Published: University College London (University of London) 2009
Subjects:
Online Access:http://ethos.bl.uk/OrderDetails.do?uin=uk.bl.ethos.564593
Description
Summary:This thesis consists of four essays covering two sets of issues linking resources to institutions. Chapter 1 provides a summary of the thesis. Chapter 2 provides a general overview of the resource curse literature, emphasising the role of institutions, the nature of the political regimes in resource-rich countries and the link with civil conflicts. Chapter 3 examines the implications of liberal lending practices of international credit markets to dictators during resource booms. We show that the combination of institutional weaknesses such as unaccountable leadership and unsound lending may give autocrats perverse incentives to loot and destabilise their countries, which impedes economic growth. Chapter 4 investigates what motivates some dictators in resource-rich countries to invest in productivity enhancing public goods while others deliberately choose predatory or repressive policies. We find that the ruler is more likely invest in public goods when the productivity of the non-resource sector is high, and when he is relatively ineffective in controlling the country's resources. Chapter 5 presents an overview of the literature on intellectual property rights focusing on the problems raised by sequential innovations for the design of patents and the role of legal institutions in resolving disputes.
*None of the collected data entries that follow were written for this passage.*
definition index_pairs :: "nat \<Rightarrow> (nat \<times> nat) set" where
  "index_pairs n = {(i, j). 1 \<le> i \<and> i < j \<and> j \<le> n}"

definition pair_segment :: "nat \<Rightarrow> nat \<times> nat \<Rightarrow> (nat \<Rightarrow>\<^sub>0 real) set" where
  "pair_segment n p = convex hull {arc_vec n (fst p) (snd p), arc_vec n (snd p) (fst p)}"

lemma finite_index_pairs: "finite (index_pairs n)"
  by (rule finite_subset[of _ "{1..n} \<times> {1..n}"]) (auto simp: index_pairs_def)

lemma Newt_eq_set_sum: "Newt n = (\<Sum>p\<in>index_pairs n. pair_segment n p)"
  unfolding Newt_def index_pairs_def pair_segment_def arc_vec_def by (simp add: case_prod_beta)

lemma lookup_std_basis: "Poly_Mapping.lookup (std_basis k) m = (if m = k - 1 then 1 else 0)"
  by (simp add: std_basis_def lookup_single)

lemma lookup_scaleR: "Poly_Mapping.lookup (r *\<^sub>R x) i = r * Poly_Mapping.lookup x i"
proof -
  have "finite {i. r * Poly_Mapping.lookup x i \<noteq> 0}"
    by (rule finite_subset[of _ "Poly_Mapping.keys x"]) (auto simp: in_keys_iff)
  then show ?thesis
    by (simp add: scaleR_poly_mapping_def Abs_poly_mapping_inverse)
qed

lemma arc_vec_swap_neq:
  assumes "a \<in> {1..n}" "b \<in> {1..n}" "a \<noteq> b"
  shows "arc_vec n a b \<noteq> arc_vec n b a"
proof
  assume "arc_vec n a b = arc_vec n b a"
  then have "Poly_Mapping.lookup (arc_vec n a b) (a - 1) = Poly_Mapping.lookup (arc_vec n b a) (a - 1)"
    by simp
  then show False using assms by (auto simp: arc_vec_def lookup_add lookup_std_basis split: if_splits)
qed

definition tournament :: "nat \<Rightarrow> (nat \<times> nat) set \<Rightarrow> bool" where
  "tournament n T \<longleftrightarrow> T \<subseteq> {1..n} \<times> {1..n} \<and>
     (\<forall>a\<in>{1..n}. \<forall>b\<in>{1..n}. (a, b) \<in> T \<longleftrightarrow> a \<noteq> b \<and> (b, a) \<notin> T)"

definition tournament_vec :: "nat \<Rightarrow> (nat \<times> nat) set \<Rightarrow> (nat \<Rightarrow>\<^sub>0 real)" where
  "tournament_vec n T = (\<Sum>(a, b)\<in>T. arc_vec n a b)"

definition oriented_arc :: "nat \<Rightarrow> (nat \<times> nat) set \<Rightarrow> nat \<times> nat \<Rightarrow> (nat \<Rightarrow>\<^sub>0 real)" where
  "oriented_arc n T p =
     (if p \<in> T then arc_vec n (fst p) (snd p) else arc_vec n (snd p) (fst p))"

definition outdeg :: "(nat \<times> nat) set \<Rightarrow> nat \<Rightarrow> nat" where
  "outdeg T a = card {b. (a, b) \<in> T}"

lemma tournament_memD:
  assumes "tournament n T" "(a, b) \<in> T"
  shows "a \<in> {1..n}" "b \<in> {1..n}" "a \<noteq> b" "(b, a) \<notin> T"
  using assms unfolding tournament_def by blast+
Chapter 6 examines the nature of the North-South divide in the bioscience industries as a hold-up problem caused by the lack of coordination between North and South property rights systems. We develop a model of bargaining in a sequential R&D framework that demonstrates the mechanism by which underinvestment in maintaining biodiversity and inefficient flow of information occurs. Chapter 7 assumes that the coordination problem is resolved and investigates the number and placement of the property rights to provide incentives for efficient investment in information generation. We show that the existence of a property right in the genetic resources is necessary for the South to share in the rents from the R&D sector. When traditional knowledge is the South's private information, it is not necessary to establish a separate property right in it to appropriate its return.